Go through the records and copy each line where the string "open" occurs.

Collected data entries:
·····
text \<open>Maximum principle: a harmonic function attains its maximum along every path of positive
  probability, and irreducibility makes every state reachable from a maximiser.\<close>

lemma irreducible_harmonic_const:
  fixes h :: "'x::finite \<Rightarrow> real"
  assumes P: "stochastic_matrix P" and irred: "irreducible_matrix P"
    and harmonic: "\<And>z. (\<Sum>z'\<in>UNIV. P z z' * h z') = h z"
  shows "h y = h x"
proof -
  have "Max (range h) \<in> range h"
    by (intro Max_in) auto
  then obtain z0 where z0: "h z0 = Max (range h)"
    by (metis rangeE)
  have max: "h y \<le> h z0" for y
    unfolding z0 by (intro Max_ge) auto
  have reach: "0 < mat_pow P n z0 w \<Longrightarrow> h w = h z0" for n w
  proof (induction n arbitrary: w)
    case 0
    then show ?case by (auto split: if_splits)
  next
    case (Suc n)
    then obtain y where "mat_pow P n z0 y * P y w \<noteq> 0"
      by (metis (no_types, lifting) less_irrefl mat_pow.simps(2) sum.neutral)
    moreover have "0 \<le> mat_pow P n z0 y" "0 \<le> P y w"
      using mat_pow_nonneg[OF P] P by (auto simp: stochastic_matrix_def)
    ultimately have "0 < mat_pow P n z0 y" "0 < P y w"
      by (auto simp: less_le)
    then show ?case
      using Suc.IH harmonic_max_propagates[OF P harmonic, of y w] max by simp
  qed
  have "h w = h z0" for w
    using irred reach unfolding irreducible_matrix_def by blast
  then show ?thesis by metis
qed

lemma irreducible_harmonic_eq_0:
  fixes h :: "'x::finite \<Rightarrow> real"
  assumes P: "stochastic_matrix P" and irred: "irreducible_matrix P"
    and \<pi>: "(\<Sum>z\<in>UNIV. \<pi> z) = 1"
    and harmonic: "\<And>z. (\<Sum>z'\<in>UNIV. P z z' * h z') = h z"
    and mean: "(\<Sum>z\<in>UNIV. \<pi> z * h z) = 0"
  shows "h z = 0"
proof -
  obtain c where c: "\<And>y. h y = c"
    using irreducible_harmonic_const[OF P irred harmonic] by blast
  then have "(\<Sum>y\<in>UNIV. \<pi> y * h y) = (\<Sum>y\<in>UNIV. \<pi> y) * h z"
    by (simp add: sum_distrib_right)
  with \<pi> mean show ?thesis by simp
qed

text \<open>The map \<open>v \<mapsto> (v - P v, \<pi> v)\<close> on \<open>\<real>\<^sup>X\<close> is linear and injective, hence bounded below;
  the bound is then applied to each coordinate of a vector-valued solution.\<close>

lemma poisson_solution_bound:
  fixes P :: "'x::finite \<Rightarrow> 'x \<Rightarrow> real"
  assumes P: "stochastic_matrix P" and irred: "irreducible_matrix P"
    and \<pi>: "(\<Sum>z\<in>UNIV. \<pi> z) = 1"
  obtains C where "0 \<le> C"
    and "\<And>(D :: 'x \<Rightarrow> 'd::euclidean_space) E z.
      (\<And>z. D z - (\<Sum>z'\<in>UNIV. P z z' *\<^sub>R D z') = E z) \<Longrightarrow> (\<Sum>z\<in>UNIV. \<pi> z *\<^sub>R D z) = 0
      \<Longrightarrow> norm (D z) \<le> C * (\<Sum>z\<in>UNIV. norm (E z))"
proof -
  define T :: "real^'x \<Rightarrow> (real^'x) \<times> real" where
    "T v = (\<chi> z. v$z - (\<Sum>z'\<in>UNIV. P z z' * v$z'), \<Sum>z\<in>UNIV. \<pi> z * v$z)" for v
  have lin: "linear T"
    unfolding T_def
    by (intro linearI) (simp_all add: vec_eq_iff algebra_simps sum.distrib sum_distrib_left)
  have "v = 0" if "T v = 0" for v
  proof -
    have "v$z = 0" for z
    proof (rule irreducible_harmonic_eq_0[OF P irred \<pi>, of "\<lambda>z. v$z"])
      show "(\<Sum>z'\<in>UNIV. P z z' * v$z') = v$z" for z
        using arg_cong[OF that, of "\<lambda>x. fst x $ z"] by (simp add: T_def)
      show "(\<Sum>z\<in>UNIV. \<pi> z * v$z) = 0"
        using arg_cong[OF that, of snd] by (simp add: T_def)
    qed
    then show ?thesis by (simp add: vec_eq_iff)
  qed
  then have "inj T"
    by (simp add: linear_injective_0[OF lin])
  then obtain B where B: "0 < B" "\<And>v. B * norm v \<le> norm (T v)"
    using linear_inj_bounded_below_pos[OF lin] by blast
  show ?thesis
  proof (rule that[of "real DIM('d) / B"])
    show "0 \<le> real DIM('d) / B"
      using B by simp
    fix D :: "'x \<Rightarrow> 'd" and E z
    assume DE: "\<And>z. D z - (\<Sum>z'\<in>UNIV. P z z' *\<^sub>R D z') = E z"
      and D_mean: "(\<Sum>z\<in>UNIV. \<pi> z *\<^sub>R D z) = 0"
    have coord: "\<bar>D z \<bullet> b\<bar> \<le> (\<Sum>z\<in>UNIV. norm (E z)) / B" if b: "b \<in> Basis" for b
    proof -
      define v :: "real^'x" where "v = (\<chi> z. D z \<bullet> b)"
      have "T v = (\<chi> z. E z \<bullet> b, 0)"
        using arg_cong[OF DE, of "\<lambda>x. x \<bullet> b"] arg_cong[OF D_mean, of "\<lambda>x. x \<bullet> b"]
        by (simp add: T_def v_def vec_eq_iff inner_diff_left inner_sum_left)
      then have "B * norm v \<le> norm (\<chi> z. E z \<bullet> b)"
        using B(2)[of v] by (simp add: norm_Pair)
      also have "\<dots> \<le> (\<Sum>z\<in>UNIV. \<bar>E z \<bullet> b\<bar>)"
        using norm_le_l1_cart[of "\<chi> z. E z \<bullet> b"] by simp
      also have "\<dots> \<le> (\<Sum>z\<in>UNIV. norm (E z))"
        by (intro sum_mono Basis_le_norm b)
      finally have "B * norm v \<le> (\<Sum>z\<in>UNIV. norm (E z))" .
      moreover have "\<bar>D z \<bullet> b\<bar> \<le> norm v"
        using component_le_norm_cart[of v z] by (simp add: v_def)
      ultimately show ?thesis
        using B(1) by (simp add: pos_le_divide_eq mult.commute)
          (meson less_imp_le mult_left_mono order_trans)
    qed
    have "norm (D z) \<le> (\<Sum>b\<in>Basis. \<bar>D z \<bullet> b\<bar>)"
      by (rule norm_le_l1)
    also have "\<dots> \<le> (\<Sum>b\<in>(Basis::'d set). (\<Sum>z\<in>UNIV. norm (E z)) / B)"
      by (intro sum_mono coord)
    also have "\<dots> = real DIM('d) / B * (\<Sum>z\<in>UNIV. norm (E z))"
      by simp
    finally show "norm (D z) \<le> real DIM('d) / B * (\<Sum>z\<in>UNIV. norm (E z))" .
  qed
qed

lemma borel_measurable_lipschitz_bound:
  fixes g :: "'a::real_normed_vector \<Rightarrow> 'b::real_normed_vector"
  assumes "\<And>x y. norm (g x - g y) \<le> L * norm (x - y)"
  shows "g \<in> borel_measurable borel"
proof -
  have "(max L 0)-lipschitz_on UNIV g"
  proof (rule lipschitz_onI)
    fix x y
    have "norm (g x - g y) \<le> L * norm (x - y)"
      by (rule assms)
    also have "\<dots> \<le> max L 0 * norm (x - y)"
      by (intro mult_right_mono) auto
    finally show "dist (g x) (g y) \<le> max L 0 * dist x y"
      by (simp add: dist_norm)
  qed auto
  then show ?thesis
    by (intro borel_measurable_continuous_onI lipschitz_on_continuous_on)
qed

locale mixture_of_images =
  fixes M :: "'a measure" and N :: "'b measure" and I :: "'i set"
    and c :: "'i \<Rightarrow> 'b \<Rightarrow> real" and T :: "'i \<Rightarrow> 'b \<Rightarrow> 'a"
  assumes finite_index: "finite I"
    and measurable_map: "\<And>i. i \<in> I \<Longrightarrow> T i \<in> N \<rightarrow>\<^sub>M M"
    and measurable_weight: "\<And>i. i \<in> I \<Longrightarrow> c i \<in> borel_measurable N"
    and weight_nonneg: "\<And>i y. i \<in> I \<Longrightarrow> 0 \<le> c i y"
    and nn_integral_mixture: "\<And>g. g \<in> borel_measurable M \<Longrightarrow>
        (\<integral>\<^sup>+x. g x \<partial>M) = (\<integral>\<^sup>+y. (\<Sum>i\<in>I. ennreal (c i y) * g (T i y)) \<partial>N)"
begin

lemma borel_measurable_mixture:
  fixes h :: "'a \<Rightarrow> 'c::{banach, second_countable_topology}"
  assumes "h \<in> borel_measurable M"
  shows "(\<lambda>y. \<Sum>i\<in>I. c i y *\<^sub>R h (T i y)) \<in> borel_measurable N"
  using assms finite_index measurable_map measurable_weight
  by (intro borel_measurable_sum borel_measurable_scaleR) (auto intro: measurable_compose)

lemma nn_integral_mixture_real:
  fixes h :: "'a \<Rightarrow> real"
  assumes "h \<in> borel_measurable M" and "\<And>x. 0 \<le> h x"
  shows "(\<integral>\<^sup>+y. ennreal (\<Sum>i\<in>I. c i y * h (T i y)) \<partial>N) = (\<integral>\<^sup>+x. ennreal (h x) \<partial>M)"
  using assms weight_nonneg
  by (subst nn_integral_mixture)
    (auto intro!: nn_integral_cong simp: ennreal_mult sum_ennreal[symmetric])

lemma
  fixes h :: "'a \<Rightarrow> real"
  assumes h: "integrable M h" and h_nonneg: "\<And>x. 0 \<le> h x"
  shows integrable_mixture_nonneg: "integrable N (\<lambda>y. \<Sum>i\<in>I. c i y * h (T i y))"
    and integral_mixture_nonneg: "(\<integral>y. (\<Sum>i\<in>I. c i y * h (T i y)) \<partial>N) = integral\<^sup>L M h"
proof -
  have meas: "(\<lambda>y. \<Sum>i\<in>I. c i y * h (T i y)) \<in> borel_measurable N"
    using borel_measurable_mixture[of h] h by simp
  have nonneg: "0 \<le> (\<Sum>i\<in>I. c i y * h (T i y))" for y
    using weight_nonneg h_nonneg by (auto intro!: sum_nonneg)
  note eq = nn_integral_mixture_real[OF borel_measurable_integrable[OF h] h_nonneg]
  show "integrable N (\<lambda>y. \<Sum>i\<in>I. c i y * h (T i y))"
    using meas nonneg eq h h_nonneg by (intro integrableI_nonneg) (auto simp: integrable_iff_bounded)
  show "(\<integral>y. (\<Sum>i\<in>I. c i y * h (T i y)) \<partial>N) = integral\<^sup>L M h"
    using meas nonneg eq h h_nonneg by (simp add: integral_eq_nn_integral)
qed

lemma integrable_mixture:
  fixes h :: "'a \<Rightarrow> 'c::{banach, second_countable_topology}"
  assumes h: "integrable M h"
  shows "integrable N (\<lambda>y. \<Sum>i\<in>I. c i y *\<^sub>R h (T i y))"
proof (rule Bochner_Integration.integrable_bound)
  show "integrable N (\<lambda>y. \<Sum>i\<in>I. c i y * norm (h (T i y)))"
    using h by (intro integrable_mixture_nonneg) auto
  show "(\<lambda>y. \<Sum>i\<in>I. c i y *\<^sub>R h (T i y)) \<in> borel_measurable N"
    using h by (intro borel_measurable_mixture) auto
  show "AE y in N. norm (\<Sum>i\<in>I. c i y *\<^sub>R h (T i y)) \<le> norm (\<Sum>i\<in>I. c i y * norm (h (T i y)))"
  proof (intro AE_I2)
    fix y
    have "norm (\<Sum>i\<in>I. c i y *\<^sub>R h (T i y)) \<le> (\<Sum>i\<in>I. c i y * norm (h (T i y)))"
      using norm_sum[of "\<lambda>i. c i y *\<^sub>R h (T i y)" I] weight_nonneg by simp
    then show "norm (\<Sum>i\<in>I. c i y *\<^sub>R h (T i y)) \<le> norm (\<Sum>i\<in>I. c i y * norm (h (T i y)))"
      by simp
  qed
qed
·····
● Expected answer
text \<open>Maximum principle: a harmonic function attains its maximum along every path of positive
text \<open>The map \<open>v \<mapsto> (v - P v, \<pi> v)\<close> on \<open>\<real>\<^sup>X\<close> is linear and injective, hence bounded below;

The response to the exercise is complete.